Jessica Creswell, the lady from number twelve, occasionally met the ‘doctor’. The speed, with which he avoided her, was quite astonishing. When they did cross paths, she would shout at him and tell him he was ‘a dirty pervert’ and brandish her heavy cane walking stick at him.
There was a strange assortment of other types, including two women who once ran different types of ‘men-only club’s’. One was in an up-market part of Brighton, the other housed on a down-market council estate on the outskirts of Crabby. Many men were left frustrated when they were both closed on council orders for not having the appropriate licence.
The local press uncovered the council’s action and printed a tongue-in-cheek article on the leader page, seeking information on: “How do you licence a brothel?”
Two other tenants of the private wing were retired bank managers, who were secretly friendly with the lady who kept the up-market club. No one saw the way the two eighty-year-olds smiled at each other.
It transpired they had been lovers when they were both in their late teens and lost touch when her parents moved to Ireland. Both were trying to relive the glory days of youth when they met for the first time in more than sixty years.
The gardens of the Retreat were unkempt with a prolific crop of weeds and the green house unused until the arrival of Sonny Summerton. The Brixton-born son of a family was originally from Jamaica. He sported plaited hip-length, blonde dreadlocks and been let out of Ford Open Prison on licence, following conviction of drug-related offences.
In the two months, he’d been the gardener-cum-handyman at the Retreat. He created a ‘business’, cultivating cabbages, carrots, potatoes, onions and lettuce in a well-tended plot. He then sold these products from a stall at the local weekly farmer’s market. One of his regular ‘veg-and-specials’ customers was Carol Smythe.
The padlocked green house had been lined with black polythene, powerful heaters and lights connected to the main electric at the council’s expense. All this was to protect, what Sonny claimed to be, his ‘geraniums’ and other exotic plants. Most gave out a distinctive aroma and were, he said, ready for sale or harvesting. His business partner was an insipid-looking, white fellow, Rastafarian, who came to see the contents of the green house every few days. No one questioned these arrangements.

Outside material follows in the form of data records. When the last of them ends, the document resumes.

lemma all_sorted_lists_Suc:
  fixes P :: "nat list \<Rightarrow> bool"
  shows "(\<forall>l. set l \<subseteq> {m..n} \<and> length l = Suc k \<and> sorted_wrt (<) l \<longrightarrow> P l) \<longleftrightarrow>
         (\<forall>a\<in>{m..n}. \<forall>l. set l \<subseteq> {Suc a..n} \<and> length l = k \<and> sorted_wrt (<) l \<longrightarrow> P (a # l))"
    (is "?all \<longleftrightarrow> ?Cons")
proof -
  have Cons: "set (a # l) \<subseteq> {m..n} \<and> length (a # l) = Suc k \<and> sorted_wrt (<) (a # l) \<longleftrightarrow>
        a \<in> {m..n} \<and> set l \<subseteq> {Suc a..n} \<and> length l = k \<and> sorted_wrt (<) l" for a l
    by (auto simp: subset_iff Suc_le_eq)
  show ?thesis
  proof
    assume ?all
    then show ?Cons
      using Cons by blast
  next
    assume ?Cons
    show ?all
    proof (intro allI impI)
      fix l assume l: "set l \<subseteq> {m..n} \<and> length l = Suc k \<and> sorted_wrt (<) l"
      then obtain a l' where "l = a # l'"
        by (cases l) auto
      with l Cons \<open>?Cons\<close> show "P l" by blast
    qed
  qed
qed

Lenny left the Retreat early morning a few days after visiting the Fine Tune Music Store. He was on a mission. Half-an-h
our later, he returned carrying a large parcel wrapped in brown paper.
Chapter 6
GUY ‘Colonel’ Granger had adopted a dress code he thought any retired man of military bearing should be seen in – Cavalry twill trousers, county-style checked shirt, gold-coloured waistcoat displaying a pocket watch, hacking jacket and a cravat, brown brogues and a flat cap. His horn-rimmed spectacles setoff the image. To him, it marked him out as a ‘gentleman’. It was this sartorial rig that earned him the sobriquet, the Colonel. His moustache added to the image.

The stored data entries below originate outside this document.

lemma fg_genpow_Cons:
  "0 \<le> k \<Longrightarrow> fg_genpow c (k + 1) = (c, True) # fg_genpow c k"
  "k \<le> 0 \<Longrightarrow> fg_genpow c (k - 1) = (c, False) # fg_genpow c k"
proof -
  assume "0 \<le> k"
  then show "fg_genpow c (k + 1) = (c, True) # fg_genpow c k"
    by (simp add: fg_genpow_def nat_add_distrib)
next
  assume "k \<le> 0"
  moreover have "nat (- (k - 1)) = Suc (nat (- k))"
    using \<open>k \<le> 0\<close> by simp
  ultimately show "fg_genpow c (k - 1) = (c, False) # fg_genpow c k"
    by (simp add: fg_genpow_def)
qed

lemma hd_fg_genpow: "k \<noteq> 0 \<Longrightarrow> fg_genpow c k \<noteq> [] \<and> hd (fg_genpow c k) = (c, 0 < k)"
  by (auto simp: fg_genpow_def)

definition fg_expand :: "('a \<Rightarrow> 'b fword) \<Rightarrow> 'a fword \<Rightarrow> 'b fword" where
  "fg_expand f w = concat (map (\<lambda>(a, b). if b then f a else fg_inv (f a)) w)"

lemma fg_subst_eq_red_expand: "fg_subst f w = fg_red (fg_expand f w)"
  by (simp add: fg_subst_def fg_expand_def)

lemma fg_expand_Nil [simp]: "fg_expand f [] = []"
  and fg_expand_append [simp]: "fg_expand f (u @ v) = fg_expand f u @ fg_expand f v"
  and fg_expand_Cons: "fg_expand f ((a, b) # u) = (if b then f a else fg_inv (f a)) @ fg_expand f u"
  by (simp_all add: fg_expand_def)

lemma fg_expand_invl: "fg_expand f [fg_invl x] = fg_inv (fg_expand f [x])"
  by (cases x) (simp add: fg_expand_def fg_invl_def)

lemma fg_expand_single: "fg_expand f (x # u) = fg_expand f [x] @ fg_expand f u"
  by (cases x) (simp add: fg_expand_Cons)

lemma fg_expand_inv: "fg_expand f (fg_inv u) = fg_inv (fg_expand f u)"
proof (induction u)
  case (Cons x u)
  have "fg_expand f (fg_inv (x # u)) = fg_inv (fg_expand f u) @ fg_inv (fg_expand f [x])"
    by (simp only: fg.inv_word_Cons fg_expand_append Cons.IH fg_expand_invl)
  also have "\<dots> = fg_inv (fg_expand f (x # u))"
    by (simp only: fg_expand_single[of f x u] fg.inv_word_append)
  finally show ?case .
qed simp

lemma fg_red_expand_red: "fg_red (fg_expand f (fg_red u)) = fg_red (fg_expand f u)"
proof (induction u)
  case (Cons x u)
  have "fg_red (fg_expand f (x # u)) = fg_red (fg_expand f [x] @ fg_red (fg_expand f u))"
    by (simp only: fg_expand_single[of f x u] fg.red_append_red_right)
  also have "\<dots> = fg_red (fg_expand f [x] @ fg_expand f (fg_red u))"
    by (simp only: Cons.IH[symmetric] fg.red_append_red_right)
  finally have expand_Cons: "fg_red (fg_expand f (x # u)) = fg_red (fg_expand f [x] @ fg_expand f (fg_red u))" .
  show ?case
  proof (cases "\<exists>r. fg_red u = fg_invl x # r")
    case True
    then obtain r where r: "fg_red u = fg_invl x # r" by blast
    have "fg_expand f (fg_red u) = fg_inv (fg_expand f [x]) @ fg_expand f r"
      by (simp only: r fg_expand_single[of f "fg_invl x" r] fg_expand_invl)
    then show ?thesis
      using expand_Cons r by (simp add: fg.red_Cons)
  next
    case False
    then have "fg_red (x # u) = x # fg_red u"
      by (cases "fg_red u") (auto simp: fg.red_Cons)
    then show ?thesis
      using expand_Cons fg_expand_single[of f x "fg_red u"] by simp
  qed
qed simp

lemma fg_subst_red [simp]: "fg_subst f (fg_red u) = fg_subst f u"
  by (simp add: fg_subst_eq_red_expand fg_red_expand_red)

lemma fg_subst_append: "fg_subst f (u @ v) = fg_mult (fg_subst f u) (fg_subst f v)"
  by (simp add: fg_subst_eq_red_expand fg_mult_def)

lemma fg_subst_mult: "fg_subst f (fg_mult u v) = fg_mult (fg_subst f u) (fg_subst f v)"
  by (simp add: fg_mult_def fg_subst_append)

lemma fg_subst_inv: "fg_subst f (fg_inv u) = fg_inv (fg_subst f u)"
  by (simp add: fg_subst_eq_red_expand fg_expand_inv fg.red_inv_word)

lemma fg_reduced_subst [simp]: "fg_reduced (fg_subst f u)"
  by (simp add: fg_subst_def)

lemma fg_subst_Cons_True: "fg_subst f ((a, True) # u) = fg_red (f a @ fg_subst f u)"
  by (simp add: fg_subst_def)

lemma fg_subst_single: "fg_subst f [(a, b)] = (if b then fg_red (f a) else fg_inv (fg_red (f a)))"
  by (simp add: fg_subst_def fg.red_inv_word)

lemma fg_subst_comp: "fg_subst g (fg_subst f u) = fg_subst (\<lambda>a. fg_subst g (f a)) u"
proof (induction u)
  case (Cons x u)
  obtain a b where x: "x = (a, b)" by (cases x)
  have "fg_subst g (fg_subst f [x]) = fg_subst (\<lambda>a. fg_subst g (f a)) [x]"
    by (simp add: x fg_subst_single fg_subst_inv fg.red_reduced)
  then show ?case
    using Cons.IH fg_subst_append[of f "[x]" u] fg_subst_append[of "\<lambda>a. fg_subst g (f a)" "[x]" u]
    by (simp add: fg_subst_mult)
qed (simp add: fg_subst_def)

lemma fg_subst_id_on:
  assumes "\<And>a. a \<in> fst ` set u \<Longrightarrow> f a = [(a, True)]"
  shows "fg_subst f u = fg_red u"
proof -
  have "fg_expand f u = u"
    using assms by (induction u) (auto simp: fg_expand_def fg_inv_def fg_invl_def)
  then show ?thesis
    by (simp add: fg_subst_eq_red_expand)
qed

definition fg_rename :: "('a \<Rightarrow> 'b) \<Rightarrow> 'a fword \<Rightarrow> 'b fword" where
  "fg_rename r = map (apfst r)"

lemma fg_rename_Nil [simp]: "fg_rename r [] = []"
  and fg_rename_Cons: "fg_rename r (x # u) = apfst r x # fg_rename r u"
  and fg_rename_append: "fg_rename r (u @ v) = fg_rename r u @ fg_rename r v"
  and fg_rename_rename: "fg_rename r (fg_rename s u) = fg_rename (r \<circ> s) u"
  and fg_rename_inv: "fg_rename r (fg_inv u) = fg_inv (fg_rename r u)"
  and fg_rename_genpow: "fg_rename r (fg_genpow a k) = fg_genpow (r a) k"
  and fg_rename_id [simp]: "fg_rename id u = u"
  by (simp_all add: fg_rename_def fg_inv_def fg_invl_def rev_map apfst_def map_prod_def split_def
      fg_genpow_def)

lemma fg_red_rename:
  assumes "inj r"
  shows "fg_red (fg_rename r u) = fg_rename r (fg_red u)"
proof (induction u)
  case (Cons x u)
  have "apfst r y = fg_invl (apfst r x) \<longleftrightarrow> y = fg_invl x" for y
    using assms by (cases x, cases y) (auto simp: fg_invl_def inj_eq)
  then show ?case
    using Cons.IH by (cases "fg_red u") (auto simp: fg.red_Cons fg_rename_Cons)
qed simp

lemma fg_reduced_rename: "inj r \<Longrightarrow> fg_reduced u \<Longrightarrow> fg_reduced (fg_rename r u)"
  by (metis fg.red_reduced fg.reduced_red fg_red_rename)

lemma fg_subst_rename:
  assumes "\<And>a. f (r a) = [(s a, True)]"
  shows "fg_subst f (fg_rename r u) = fg_red (fg_rename s u)"
proof -
  have "fg_expand f (fg_rename r u) = fg_rename s u"
    using assms by (induction u) (auto simp: fg_expand_def fg_rename_def fg_inv_def fg_invl_def)
  then show ?thesis
    by (simp add: fg_subst_eq_red_expand)
qed

lemma fg_subst_eq_rename:
  "(\<And>a. f a = [(s a, True)]) \<Longrightarrow> fg_subst f u = fg_red (fg_rename s u)"
  using fg_subst_rename[of f id s u] by simp

lemma fg_rename_eq_inv_imp_split:
  assumes "fg_rename r u = fg_inv u"
  shows "\<exists>v. u = v @ fg_inv (fg_rename r v)"
  using assms
proof (induction "length u" arbitrary: u rule: less_induct)
  case less
  show ?case
  proof (cases u rule: rev_cases)
    case (snoc u' y)
    show ?thesis
    proof (cases u')
      case Nil
      then show ?thesis
        using less.prems snoc by (cases y) (simp add: fg_rename_def fg_inv_def fg_invl_def)
    next
      case (Cons x v)
      have "apfst r x # fg_rename r v @ [apfst r y] = fg_invl y # fg_inv v @ [fg_invl x]"
        using less.prems snoc Cons by (simp add: fg_rename_Cons fg_rename_append fg.inv_word_Cons)
      then have xy: "y = fg_invl (apfst r x)" and v: "fg_rename r v = fg_inv v"
        by auto
      obtain v' where "v = v' @ fg_inv (fg_rename r v')"
        using less.hyps[OF _ v] snoc Cons by auto
      then have "u = (x # v') @ fg_inv (fg_rename r (x # v'))"
        using snoc Cons xy by (simp add: fg_rename_Cons fg.inv_word_Cons)
      then show ?thesis
        by blast
    qed
  qed simp
qed

lemma fg_red_append_rename_eq_Nil_iff:
  assumes "inj r" "\<And>a. r (r a) = a"
  shows "fg_red (z @ fg_rename r z) = [] \<longleftrightarrow> (\<exists>v. fg_red z = fg_red (v @ fg_inv (fg_rename r v)))"
proof
  assume trivial: "fg_red (z @ fg_rename r z) = []"
  let ?u = "fg_red z"
  have "fg_red (?u @ fg_rename r ?u) = []"
    using trivial by (simp flip: fg_red_rename[OF assms(1)])
  then have "fg_red (fg_rename r ?u) = fg_red (fg_inv ?u)"
    by (rule fg.red_inverse_unique)
  then have "fg_rename r ?u = fg_inv ?u"
    by (simp add: fg.red_reduced fg.reduced_inv_word fg_reduced_rename[OF assms(1)])
  then obtain v where "?u = v @ fg_inv (fg_rename r v)"
    using fg_rename_eq_inv_imp_split by blast
  then show "\<exists>v. fg_red z = fg_red (v @ fg_inv (fg_rename r v))"
    by (metis fg.red_red)
next
  assume "\<exists>v. fg_red z = fg_red (v @ fg_inv (fg_rename r v))"
  then obtain v where v: "fg_red z = fg_red (v @ fg_inv (fg_rename r v))"
    by blast
  have rr: "fg_rename r (fg_rename r v) = v"
    by (simp add: fg_rename_rename comp_def assms(2) flip: id_def)
  have "fg_red (z @ fg_rename r z) = fg_red (fg_red z @ fg_rename r (fg_red z))"
    by (simp flip: fg_red_rename[OF assms(1)])
  also have "\<dots> = fg_red ((v @ fg_inv (fg_rename r v)) @ fg_rename r (v @ fg_inv (fg_rename r v)))"
    by (simp only: v) (simp flip: fg_red_rename[OF assms(1)])
  also have "\<dots> = []"
    by (simp add: fg_rename_append fg_rename_inv rr)
  finally show "fg_red (z @ fg_rename r z) = []" .
qed

subsection \<open>Torsion-freeness\<close>

lemma fg_cyclic_decomposition:
  assumes "fg_reduced u" "u \<noteq> []"
  shows "\<exists>c v. u = c @ v @ fg_inv c \<and> v \<noteq> [] \<and> hd v \<noteq> fg_invl (last v)"
  using assms
proof (induction "length u" arbitrary: u rule: less_induct)
  case less
  show ?case
  proof (cases "hd u = fg_invl (last u)")
    case False
    then show ?thesis
      using less.prems by (intro exI[of _ "[]"] exI[of _ u]) simp
  next
    case True
    obtain x u' where u: "u = x # u'"
      using less.prems by (cases u) auto
    with True have "u' \<noteq> []"
      by auto
    then obtain v y where u': "u' = v @ [y]"
      by (metis rev_exhaust)
    have y: "y = fg_invl x"
      using True u u' by simp
    have "v \<noteq> []" "fg_reduced v"
      using less.prems(1) u u' y by (auto simp: fg.reduced_Cons fg.reduced_append)
    then obtain c v' where "v = c @ v' @ fg_inv c" "v' \<noteq> []" "hd v' \<noteq> fg_invl (last v')"
      using less.hyps[of v] u u' by auto
    then show ?thesis
      using u u' y by (intro exI[of _ "x # c"] exI[of _ v']) (simp add: fg.inv_word_Cons)
  qed
qed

When Lenny Smith first teamed up with him, he had become known as the ‘Colonel’ rather than unpleasant nicknames. He likened him to a replica of the character, Foggy Dewhurst, in the long-running TV series, Last of the Summer Wine. Lenny was convinced the creator of the series. Roy Clarke had based the character on Guy Granger. The fact was that Roy Clarke and Brian Wilde, the actor, had never met Guy Granger, the serial bank robber. This fact didn’t alter Lenny’s ‘dead right info’. He never mentioned the likeness again after Brian Wilde died in 2008.
Care-workers visiting the home came in many shapes, sizes and ethnic groups. Some were attractive; others would never strut the cat-walk of a beauty contest. If they did, it would probably collapse under their weight.
Sylvia Clissold was reaching her fiftieth year. Once a cabaret dancer she was, by any standards, still attractive with her easy-to-remove dress, faux-fur coat and six-inch high heels, with her long, flowing, blonde locks. She specialised looking after the needs of elderly widowers. She was often mistaken for being a care-worker employed by Executive Care, who only catered for private clients.